For certain, there are some people we should stop dating, such as felons with addictions who have been married six times before. We need to run for the hills when we find ourselves across the dinner table from them. However, that's not the frame of reference here. We are talking about two people with basic goodwill and the ability to be mature during troubling moments but who have a fixed mindset going into a romantic relationship that no such troubles ought to arise. When disagreements, disappoints, misfortune, and misinterpretations do arise—again—this person declares, "I am out of here."
On the other hand, those with a growth mindset (“I must work at being better”) recognize that there are individuals out there with whom they have a special chemistry and common interests and convictions but even still a relationship with them will take work. It is not easy street. Instead, they accept that obstacles to emotional happiness stand in their way. However, they find ways of getting over or going around the obstacle. They never call it quits. They know successful relationships take time and effort.
These two mindsets explain why some relationships end relatively soon after they begin and why other relationships continue until one person dies.
Though God calls a husband to enjoy life with his wife (Ecclesiastes 9:9), God also reveals the inevitability of trouble (1 Corinthians 7:28).
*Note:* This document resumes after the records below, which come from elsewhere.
lemma telescoping_convergence_rate:
  fixes x :: "nat \<Rightarrow> real"
  assumes step: "\<And>n. n \<ge> 1 \<Longrightarrow> \<bar>x (Suc n) - x n\<bar> \<le> C * (1/n - 1/(Suc n))"
  shows "\<exists>l. x \<longlonglongrightarrow> l \<and> (\<forall>n\<ge>1. \<bar>x n - l\<bar> \<le> C / n)"
proof -
  have "0 \<le> C * (1/real 1 - 1/real (Suc 1))" using step[of 1] abs_ge_zero order_trans by blast
  hence C0: "C \<ge> 0" by simp
  have key: "\<bar>x (n+k) - x n\<bar> \<le> C * (1/n - 1/(n+k))" if n: "n \<ge> 1" for n k
  proof (induction k)
    case 0 then show ?case by simp
  next
    case (Suc k)
    have "\<bar>x (Suc (n+k)) - x (n+k)\<bar> \<le> C * (1/(n+k) - 1/(Suc (n+k)))" using step[of "n+k"] n by simp
    with Suc show ?case by (simp add: algebra_simps)
  qed
  have key2: "\<bar>x m - x n\<bar> \<le> C / n" if "n \<ge> 1" "m \<ge> n" for m n
  proof -
    have "\<bar>x (n + (m-n)) - x n\<bar> \<le> C * (1/n - 1/(real n + real (m-n)))" using key that(1) by blast
    moreover have "C * (1/n - 1/(real n + real (m-n))) \<le> C * (1/n)" using C0 by (intro mult_left_mono) auto
    ultimately show ?thesis using that by simp
  qed
  have "Cauchy x"
  proof (rule CauchyI)
    fix e :: real assume e: "0 < e"
    obtain M :: nat where M: "M > 2 * C / e" using reals_Archimedean2 by blast
    define M' where "M' = Suc M"
    have M'1: "M' \<ge> 1" by (simp add: M'_def)
    have "2 * C / e < M'" using M by (simp add: M'_def)
    hence "2 * C < e * M'" using e by (simp add: field_simps)
    hence CM: "2 * (C / M') < e" using M'1 by (simp add: field_simps)
    show "\<exists>M. \<forall>m\<ge>M. \<forall>n\<ge>M. norm (x m - x n) < e"
    proof (intro exI allI impI)
      fix m n assume "m \<ge> M'" "n \<ge> M'"
      hence "\<bar>x m - x M'\<bar> \<le> C / M'" "\<bar>x n - x M'\<bar> \<le> C / M'" using key2 M'1 by auto
      thus "norm (x m - x n) < e" using CM by simp
    qed
  qed
  then obtain l where l: "x \<longlonglongrightarrow> l" using Cauchy_convergent_iff convergent_def by blast
  have "\<bar>x n - l\<bar> \<le> C / n" if "n \<ge> 1" for n
  proof -
    have "(\<lambda>k. \<bar>x (k + n) - x n\<bar>) \<longlonglongrightarrow> \<bar>l - x n\<bar>"
      by (intro tendsto_intros LIMSEQ_ignore_initial_segment l)
    moreover have "\<forall>k\<ge>0. \<bar>x (k + n) - x n\<bar> \<le> C / n" using key2 that by simp
    ultimately have "\<bar>l - x n\<bar> \<le> C / n" by (intro LIMSEQ_le_const2) auto
    thus ?thesis by simp
  qed
  with l show ?thesis by blast
qed

lemma inverse_square_le_telescoping: assumes "n \<ge> 1" shows "1 / (real n)^2 \<le> 2 * (1/n - 1/(Suc n))"
proof -
  have e: "1/n - 1/(Suc n) = 1/(real n*(n+1))" using assms by (simp add: field_simps)
  have "real n * (n+1) \<le> 2 * (real n * n)" using assms by (simp add: algebra_simps)
  hence "1/(2 * (real n * n)) \<le> 1/(real n*(n+1))" using assms by (intro frac_le) auto
  thus ?thesis unfolding e by (simp add: power2_eq_square)
qed

lemma Digamma_shifted_harmonic_bound:
  fixes a :: real assumes a: "a > 0" and "n \<ge> 1"
  shows "\<bar>(\<Sum>j<n. 1/(a + real j)) - ln (real n) + Digamma a\<bar> \<le> 2*(a+1) / n"
proof -
  define x where "x n = (\<Sum>j<n. 1/(a + real j)) - ln (real n)" for n
  have st: "\<bar>x (Suc k) - x k\<bar> \<le> 2*(a+1) * (1/k - 1/(Suc k))" if k: "k \<ge> 1" for k
  proof -
    define y where "y = 1 / real k"
    have y0: "0 < y" using k by (simp add: y_def)
    have "ln (real (Suc k)) = ln (real k) + ln (1 + y)"
    proof -
      have "real (Suc k) = real k * (1 + y)" using k by (simp add: y_def field_simps)
      thus ?thesis using k y0 by (simp add: ln_mult)
    qed
    hence d: "x (Suc k) - x k = 1/(a + k) - ln (1 + y)" by (simp add: x_def)
    have lb: "0 \<le> y - ln (1+y)" "y - ln (1+y) \<le> y^2" using ln_one_plus_bounds[of y] y0 by auto
    have "1/(a+k) \<le> y" using k a by (simp add: y_def field_simps)
    moreover have "y - 1/(a+k) \<le> a * y^2"
    proof -
      have "y - 1/(a+k) = a / (real k * (a + k))" using k a by (simp add: y_def field_simps)
      also have "\<dots> \<le> a / (real k * k)" using k a by (intro divide_left_mono mult_left_mono) auto
      finally show ?thesis by (simp add: y_def power2_eq_square)
    qed
    ultimately have "\<bar>x (Suc k) - x k\<bar> \<le> (a+1) * y^2" using d lb by (simp add: algebra_simps abs_le_iff)
    also have "\<dots> \<le> (a+1) * (2 * (1/k - 1/(Suc k)))" using inverse_square_le_telescoping[OF k] a
      by (intro mult_left_mono) (auto simp: y_def power_divide)
    also have "\<dots> = 2*(a+1) * (1/k - 1/(Suc k))" by (simp add: algebra_simps add_divide_distrib)
    finally show ?thesis .
  qed
  obtain l where l: "x \<longlonglongrightarrow> l" "\<forall>n\<ge>1. \<bar>x n - l\<bar> \<le> 2*(a+1) / n"
    using telescoping_convergence_rate[of x, OF st] by blast
  have "(\<lambda>m. of_real (ln (real m)) - (\<Sum>n<m. inverse (a + of_nat n))) \<longlonglongrightarrow> Digamma a"
    using a by (intro Digamma_LIMSEQ) auto
  hence "(\<lambda>m. - x m) \<longlonglongrightarrow> Digamma a" by (simp add: x_def divide_inverse)
  moreover have "(\<lambda>m. - x m) \<longlonglongrightarrow> - l" using l(1) by (intro tendsto_intros)
  ultimately have "l = - Digamma a" using LIMSEQ_unique by fastforce
  thus ?thesis using l(2) \<open>n \<ge> 1\<close> by (simp add: x_def)
qed

section \<open>Coefficients of \<open>(1 - x) powr -a\<close>\<close>

text \<open>The coefficients of \<open>(1 - x) powr -a = (\<Sum>m. negbin_coeff a m * x ^ m)\<close>.\<close>
definition negbin_coeff :: "real \<Rightarrow> nat \<Rightarrow> real" where "negbin_coeff a m = pochhammer a m / fact m"

lemma negbin_coeff_0 [simp]: "negbin_coeff a 0 = 1" by (simp add: negbin_coeff_def)
lemma negbin_coeff_Suc: "negbin_coeff a (Suc m) = negbin_coeff a m * (a + m) / (m + 1)"
  by (simp add: negbin_coeff_def pochhammer_Suc field_simps)
lemma negbin_coeff_pos: "a > 0 \<Longrightarrow> negbin_coeff a m > 0"
  by (induction m) (auto simp: negbin_coeff_Suc)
An easy-street mindset is ill prepared for trouble. The easy-street mentality among couples leads to a rejection of the idea that one must work hard during various seasons to love and respect each other. The no-work-and-all-play mindset believes love and respect is a piece of cake and if not, they conclude the relationship was a mistake.
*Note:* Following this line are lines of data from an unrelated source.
section \<open>The circle a^2 + d^2 = 1\<close>

definition circle :: "nat \<Rightarrow> (int \<times> int) set" where
  "circle p = {(a, d). a \<in> Fp p \<and> d \<in> Fp p \<and> [a^2 + d^2 = 1] (mod int p)}"

context prime_field
begin

lemma circle_eq_Sigma: "circle p = (SIGMA a:Fp p. sqrts p (1 - a^2))"
proof -
  have "[d^2 = 1 - a^2] (mod int p) \<longleftrightarrow> [a^2 + d^2 = 1] (mod int p)" for a d :: int
    by (simp add: cong_iff_dvd_diff algebra_simps)
  then show ?thesis
    by (auto simp: circle_def sqrts_def)
qed

lemma sum_circle: "(\<Sum>(a, d)\<in>circle p. f a) = (\<Sum>a\<in>Fp p. num_sqrts p (1 - a^2) * f a)"
proof -
  have "(\<Sum>(a, d)\<in>circle p. f a) = (\<Sum>a\<in>Fp p. \<Sum>d\<in>sqrts p (1 - a^2). f a)"
    unfolding circle_eq_Sigma by (rule sum.Sigma [symmetric]) simp_all
  then show ?thesis
    by (simp add: num_sqrts_def)
qed

lemma card_circle_eq_sum: "card (circle p) = (\<Sum>a\<in>Fp p. num_sqrts p (1 - a^2))"
  using sum_circle[of "\<lambda>_. 1"] by simp

end

context prime_field_sqrt_minus_one
begin

lemma circle_norm:
  assumes "(a, d) \<in> circle p"
  shows "[(a + i * d) * (a - i * d) = 1] (mod int p)"
proof -
  have "(a + i * d) * (a - i * d) = a^2 - i^2 * d^2"
    by (simp add: power2_eq_square algebra_simps)
  also have "[\<dots> = a^2 - (-1) * d^2] (mod int p)"
    using i_square by (intro cong_diff cong_mult cong_refl)
  also have "a^2 - (-1) * d^2 = a^2 + d^2"
    by simp
  also have "[\<dots> = 1] (mod int p)"
    using assms by (simp add: circle_def)
  finally show ?thesis .
qed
So, what mindset do you possess? Do you tend to tell yourself more often, “I must work at being better,” or do you have more of an “I really don’t have to work hard at being better” mindset?
What natural talents or passions do you have (or did you have when you were younger)? Did they still require a great deal of work in order to strengthen them, or was that area for you always an “easy street”?
Why will two people with growth mindsets find more happiness and success in their relationship than two people where either one or both have a fixed mindset?
Look back on a past broken marriage, either in your life or from someone you know. Can you recognize the fixed mindset in one or both partners? How did that help lead to them calling it quits?
Why do you think God, who created marriage, does not allow the commitment to be “easy street” for those who vow to love each other til death do them part? How is He glorified when two people commit to persevering through the ups and downs of their marriage?